N 3rd Street, Bardstown's main street |
Bardstown
(pop. 11,000) is an attractive small town, supposedly one of the
hundred best in America. It was founded in 1780 and is the
second-oldest city in Kentucky. Many early buildings survive and are
still in use in the historic centre. I had dinner last night (white
bean soup and pot roast) in one that has been a restaurant
continuously for more than two hundred years.

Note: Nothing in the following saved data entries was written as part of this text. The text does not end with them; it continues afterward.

text \<open>Elements of \<open>Delta_plus\<close> are left-continuous, so they are determined by their values
  on any dense set, in particular on the common continuity points of two of them.\<close>
lemma Delta_plus_le_if_le_at_continuity_points:
  assumes F: "F \<in> Delta_plus" and L: "L \<in> Delta_plus"
    and le: "\<And>t. isCont (\<lambda>x. F (ereal x)) t \<Longrightarrow> isCont (\<lambda>x. L (ereal x)) t
      \<Longrightarrow> F (ereal t) \<le> L (ereal t)"
  shows "F \<le> L"
  unfolding le_fun_def
proof
  fix u :: ereal
  show "F u \<le> L u"
  proof (cases u)
    case (real t)
    show ?thesis
    proof (rule ccontr)
      assume "\<not> F u \<le> L u"
      then have "L (ereal t) < F (ereal t)" using real by simp
      with Delta_plusD(7)[OF F, of t] have "eventually (\<lambda>x. L (ereal t) < F (ereal x)) (at_left t)"
        unfolding continuous_within by (rule order_tendstoD)
      then obtain b where b: "b < t" "\<And>y. b < y \<Longrightarrow> y < t \<Longrightarrow> L (ereal t) < F (ereal y)"
        by (auto simp: eventually_at_left_field)
      have "countable ({x. \<not> isCont (\<lambda>x. F (ereal x)) x} \<union> {x. \<not> isCont (\<lambda>x. L (ereal x)) x})"
        using countable_discontinuities_Delta_plus F L by blast
      then obtain s where s: "b < s" "s < t"
        "isCont (\<lambda>x. F (ereal x)) s" "isCont (\<lambda>x. L (ereal x)) s"
        using exists_between_notin_countable b(1) by blast
      have "F (ereal s) \<le> L (ereal t)"
        using le[OF s(3,4)] Delta_plus_mono[OF L, of "ereal s" "ereal t"] s(2) by simp
      then show False using b(2)[OF s(1,2)] by simp
    qed
  qed (use Delta_plusD[OF F] Delta_plusD[OF L] in auto)
qed

lemma wconv_const: "wconv (\<lambda>n. F) F Flt"
  unfolding wconv_def by simp
lemma sum_Pker_Pker_Vker_planar:
  assumes "a \<in> idx N" "y \<in> idx N" "N \<ge> 2"
  shows "(\<Sum>b\<in>idx N. \<Sum>c\<in>idx N. \<Sum>d\<in>idx N. Pker N y b * Pker N c d * Vker a b c d)
    = (1/6 - real N / 3 + trace_weight N) * Pker N y (swap13 a)
      + (real N - 2) * trace_weight N * Pker N y (cyc a)"
proof -
  obtain a1 a2 a3 where a: "a = (a1,a2,a3)" "a1 \<in> {1..N}" "a2 \<in> {1..N}" "a3 \<in> {1..N}"
    using assms(1) by (cases a) (auto simp: mem_idx_iff)
  define \<alpha> \<beta> \<gamma> where "\<alpha> = 1/6 - real N / 3 + trace_weight N" and "\<beta> = 1/3 - real N / 6"
    and "\<gamma> = (real N - 2) * trace_weight N"
  have inner: "(\<Sum>c\<in>idx N. \<Sum>d\<in>idx N. Pker N c d * Vker a b c d)
      = (case b of (b1,b2,b3) \<Rightarrow>
          dl a3 b1 * (\<alpha> * dl b3 a1 * dl a2 b2 + \<beta> * dl b3 b2 * dl a2 a1 + \<gamma> * dl b3 a2 * dl b2 a1))"
    if b: "b \<in> idx N" for b
  proof -
    obtain b1 b2 b3 where "b = (b1,b2,b3)" "b1 \<in> {1..N}" "b2 \<in> {1..N}" "b3 \<in> {1..N}"
      using b by (cases b) (auto simp: mem_idx_iff)
    then show ?thesis
      using sum_Pker_Vker_planar[of a1 a2 a3 N b1 b2 b3] Pker_partial_trace13[of b3 N a2 b2 a1]
        a assms(1,3) unfolding \<alpha>_def \<beta>_def \<gamma>_def by (simp add: mem_idx_iff)
  qed
  have trace: "(\<Sum>e=1..N. Pker N y (a3,e,e) * \<beta>) = 0"
    using Pker_trace23[OF assms(2) a(4) assms(3)] by (simp add: sum_distrib_right[symmetric])
  have "(\<Sum>b\<in>idx N. \<Sum>c\<in>idx N. \<Sum>d\<in>idx N. Pker N y b * Pker N c d * Vker a b c d)
      = (\<Sum>b\<in>idx N. Pker N y b * (\<Sum>c\<in>idx N. \<Sum>d\<in>idx N. Pker N c d * Vker a b c d))"
    by (simp add: sum_distrib_left mult.assoc)
  also have "\<dots> = (\<Sum>b\<in>idx N. Pker N y b * (case b of (b1,b2,b3) \<Rightarrow>
        dl a3 b1 * (\<alpha> * dl b3 a1 * dl a2 b2 + \<beta> * dl b3 b2 * dl a2 a1 + \<gamma> * dl b3 a2 * dl b2 a1)))"
    by (intro sum.cong refl arg_cong2[where f = "(*)"] inner)
  also have "\<dots> = \<alpha> * Pker N y (swap13 a) + \<gamma> * Pker N y (cyc a)"
    using a trace
    by (simp add: delta_sum_simps swap13_def cyc_def cong: if_cong split del: if_split)
  finally show ?thesis unfolding \<alpha>_def \<gamma>_def .
qed
theorem lemma8:
  fixes l l' :: "point set" and Ov X X' M Y Y' :: point
  assumes "is_line l" and "is_line l'" and "l \<noteq> l'"
    and "Ov \<in> l" and "Ov \<in> l'"
    and "same_quadrant l l' X X'"
    and "M = midpoint X X'"
    and "Y \<in> l" and "Y \<in> point_reflect M ` l'"
    and "Y' \<in> l'" and "Y' \<in> point_reflect M ` l"
  shows "(disprod l l' X < disprod l l' X' \<longrightarrow>
            X \<in> convex hull {Ov, Y, Y'} \<and> X' \<notin> convex hull {Ov, Y, Y'})
       \<and> (disprod l l' X > disprod l l' X' \<longrightarrow>
            X \<notin> convex hull {Ov, Y, Y'} \<and> X' \<in> convex hull {Ov, Y, Y'})
       \<and> (disprod l l' X = disprod l l' X' \<longrightarrow> collinear {X, Y, X', Y'})"
proof -
  obtain d e a b a' b' where D: "cross2 d e \<noteq> 0" and l: "l = line Ov d" and l': "l' = line Ov e"
    and pos: "a > 0" "b > 0" "a' > 0" "b' > 0"
    and X: "X = Ov + a *\<^sub>R d + b *\<^sub>R e" and X': "X' = Ov + a' *\<^sub>R d + b' *\<^sub>R e"
    using same_quadrant_coords[OF assms(1-6)] by blast
  have Y: "Y = Ov + (a + a') *\<^sub>R d"
    using line_inter_reflected_line[OF D] assms(7-9) unfolding l l' X X' by blast
  have "cross2 e d \<noteq> 0" "X = Ov + b *\<^sub>R e + a *\<^sub>R d" "X' = Ov + b' *\<^sub>R e + a' *\<^sub>R d"
    using D X X' by (simp_all add: cross2_anticommute[of e d] algebra_simps)
  then have Y': "Y' = Ov + (b + b') *\<^sub>R e"
    using line_inter_reflected_line assms(7,10,11) unfolding l l' by metis
  define k where "k = (cross2 d e)\<^sup>2 / (norm d * norm e)"
  have "d \<noteq> 0" "e \<noteq> 0"
    using D by auto
  with D have "k > 0"
    unfolding k_def by (simp add: divide_pos_pos)
  have "disprod l l' X = a * b * k" "disprod l l' X' = a' * b' * k"
    unfolding l l' X X' k_def disprod_coords[OF D] using pos by simp_all
  moreover have "X \<in> convex hull {Ov, Y, Y'} \<longleftrightarrow> a * b \<le> a' * b'"
    unfolding X Y Y' using mem_triangle_coords_iff[OF D pos] .
  moreover have "X' \<in> convex hull {Ov, Y, Y'} \<longleftrightarrow> a' * b' \<le> a * b"
    unfolding X' Y Y' using mem_triangle_coords_iff[OF D pos(3,4,1,2)] by (simp add: add.commute)
  moreover have "a * b = a' * b' \<Longrightarrow> collinear {X, Y, X', Y'}"
    unfolding X X' Y Y' using collinear_parallelogram_coords[OF pos] .
  ultimately show ?thesis
    using \<open>k > 0\<close> by auto
qed

end
lemma poss_answer_set_imp_maximal:
  assumes "poss_answer_set N M" "(a, \<alpha>) \<in> M"
  shows "is_maximal_in \<alpha> {\<gamma>. pl_deriv (poss_reduct N (fst ` M)) (FAtom a) \<gamma>}"
  unfolding is_maximal_in_def
proof (intro conjI ballI notI)
  show "\<alpha> \<in> {\<gamma>. pl_deriv (poss_reduct N (fst ` M)) (FAtom a) \<gamma>}"
    using assms unfolding poss_answer_set_def poss_entails_def by blast
next
  fix \<beta> assume "\<beta> \<in> {\<gamma>. pl_deriv (poss_reduct N (fst ` M)) (FAtom a) \<gamma>}" "\<alpha> < \<beta>"
  define M' where "M' = insert (a, \<beta>) (M - {(a, \<alpha>)})"
  have PS: "is_PS M" "answer_set N (fst ` M)" "poss_entails N M"
    using assms(1) unfolding poss_answer_set_def by auto
  have fst_M': "fst ` M' = fst ` M" unfolding M'_def using assms(2) by force
  have "is_PS M'" using PS(1) assms(2) unfolding is_PS_def M'_def by blast
  moreover have "M' \<noteq> M"
    using PS(1) assms(2) \<open>\<alpha> < \<beta>\<close> unfolding M'_def is_PS_def by blast
  moreover have "poss_le M M'"
    using PS(1) assms(2) \<open>\<alpha> < \<beta>\<close> fst_M' unfolding poss_le_def M'_def is_PS_def
    by (metis Pair_inject insertE DiffD1 order_less_imp_le order_refl)
  moreover have "poss_entails N M'"
    using PS(2,3) \<open>\<beta> \<in> _\<close> fst_M' unfolding poss_entails_def M'_def by auto
  ultimately show False using assms(1) unfolding poss_answer_set_def by blast
qed
definition reduces_to :: "(nat \<Rightarrow> nat) \<Rightarrow> nat \<Rightarrow> cpoly \<Rightarrow> cpoly \<Rightarrow> bool" where
  "reduces_to \<sigma> d f g \<longleftrightarrow> (\<forall>s. g s \<noteq> 0 \<longrightarrow> nonnesting \<sigma> s) \<and> f - g \<in> quad_ideal d"

definition reducible :: "(nat \<Rightarrow> nat) \<Rightarrow> nat \<Rightarrow> cpoly \<Rightarrow> bool" where
  "reducible \<sigma> d f \<longleftrightarrow> (\<exists>g. reduces_to \<sigma> d f g)"

lemma subspace_reducible: "coeffs.subspace {f. reducible \<sigma> d f}"
proof (rule coeffs.subspaceI)
  show "0 \<in> {f. reducible \<sigma> d f}"
    unfolding reducible_def reduces_to_def
    by (intro CollectI exI[of _ 0]) (simp add: coeffs.subspace_0[OF subspace_quad_ideal])
next
  fix f f'
  assume "f \<in> {f. reducible \<sigma> d f}" "f' \<in> {f. reducible \<sigma> d f}"
  then obtain g g' where g: "\<forall>s. g s \<noteq> 0 \<longrightarrow> nonnesting \<sigma> s" "f - g \<in> quad_ideal d"
    and g': "\<forall>s. g' s \<noteq> 0 \<longrightarrow> nonnesting \<sigma> s" "f' - g' \<in> quad_ideal d"
    by (auto simp: reducible_def reduces_to_def)
  have "\<forall>s. (g + g') s \<noteq> 0 \<longrightarrow> nonnesting \<sigma> s"
    using g(1) g'(1) by (metis add_0 plus_fun_apply)
  moreover have "f + f' - (g + g') \<in> quad_ideal d"
    unfolding add_diff_add by (rule coeffs.subspace_add[OF subspace_quad_ideal g(2) g'(2)])
  ultimately show "f + f' \<in> {f. reducible \<sigma> d f}"
    unfolding reducible_def reduces_to_def by blast
next
  fix c f
  assume "f \<in> {f. reducible \<sigma> d f}"
  then obtain g where g: "\<forall>s. g s \<noteq> 0 \<longrightarrow> nonnesting \<sigma> s" "f - g \<in> quad_ideal d"
    by (auto simp: reducible_def reduces_to_def)
  have "\<forall>s. scale_coeffs c g s \<noteq> 0 \<longrightarrow> nonnesting \<sigma> s"
    using g(1) by (simp add: scale_coeffs_def)
  moreover have "scale_coeffs c f - scale_coeffs c g \<in> quad_ideal d"
    unfolding coeffs.scale_right_diff_distrib[symmetric]
    by (rule coeffs.subspace_scale[OF subspace_quad_ideal g(2)])
  ultimately show "scale_coeffs c f \<in> {f. reducible \<sigma> d f}"
    unfolding reducible_def reduces_to_def by blast
qed

lemma reducible_quad_multiple: "reducible \<sigma> (mono_deg n + 2) (quad_multiple n r)"
  unfolding reducible_def reduces_to_def using quad_multiple_in_quad_ideal by (intro exI[of _ 0]) auto

lemma reducible_nonnesting: "nonnesting \<sigma> m \<Longrightarrow> reducible \<sigma> d (monomial m)"
  unfolding reducible_def reduces_to_def
  by (intro exI[of _ "monomial m"]) (auto simp: monomial_def coeffs.subspace_0[OF subspace_quad_ideal])

lemma monomial_term_mono_eq:
  assumes "k < 3"
  shows "monomial (term_mono r k n) = scale_coeffs ((-1) ^ k) (quad_multiple n r)
    - (\<Sum>j\<in>{..<3} - {k}. scale_coeffs ((-1) ^ (k + j)) (monomial (term_mono r j n)))"
proof
  fix s
  have "quad_multiple n r s = (-1) ^ k * monomial (term_mono r k n) s
      + (\<Sum>j\<in>{..<3} - {k}. (-1) ^ j * monomial (term_mono r j n) s)"
    using assms by (simp add: quad_multiple_def sum.remove)
  then show "monomial (term_mono r k n) s = (scale_coeffs ((-1) ^ k) (quad_multiple n r)
      - (\<Sum>j\<in>{..<3} - {k}. scale_coeffs ((-1) ^ (k + j)) (monomial (term_mono r j n)))) s"
    by (simp add: scale_coeffs_def sum_fun_apply sum_distrib_left power_add algebra_simps)
qed

text \<open>Each nested pair is the leading term of a relation whose other two terms have smaller
  spread, so rewriting nested pairs by these relations terminates.\<close>

locale straightening = index_order +
  fixes lead :: "quad \<Rightarrow> nat"
  assumes lead_less: "lead r < 3"
    and nested_lead: "nested \<sigma> v w \<Longrightarrow> \<exists>r. quad_term r (lead r) \<in> {(v, w), (w, v)}"
    and lead_spread: "k < 3 \<Longrightarrow> k \<noteq> lead r \<Longrightarrow>
      spread \<sigma> (fst (quad_term r k)) + spread \<sigma> (snd (quad_term r k))
        < spread \<sigma> (fst (quad_term r (lead r))) + spread \<sigma> (snd (quad_term r (lead r)))"
begin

There is a genuine shopping street, with cafes and an
interesting bookshop, such as one rarely sees in American towns.
Infrastructure has been
provided to help pedestrians cross roads. There are some beautiful
old homes close to the centre. Bardstown boasts that it is the
bourbon capital of the world, with several distilleries in the
neighbourhood.
There are five small museums, located close to one another in the town centre. Ten dollars buys a combined ticket giving entry to them all. Three have a military theme, with one being devoted to the Civil War west of the Appalachians, one to women in the Civil War, and one to the involvement of people from 'mid-America' in all the country's wars up to 1991. There is a small natural history museum with stuffed animals of North America and cases of fossils and minerals. The fifth museum is an open-air re-creation of a pioneer village of the 1790s with original or restored log cabins and a water mill.
Basilica of St Joseph Proto-Cathedral |
Bardstown has the first Catholic cathedral to be built west of the
Allegheny Mountains, the Basilica of St. Joseph, consecrated in 1819. It is now a parish church but in honour of its past retains the title of Proto-Cathedral. The interior photo below shows part of the timber beam making up one of the columns. It stands on a stone foundation.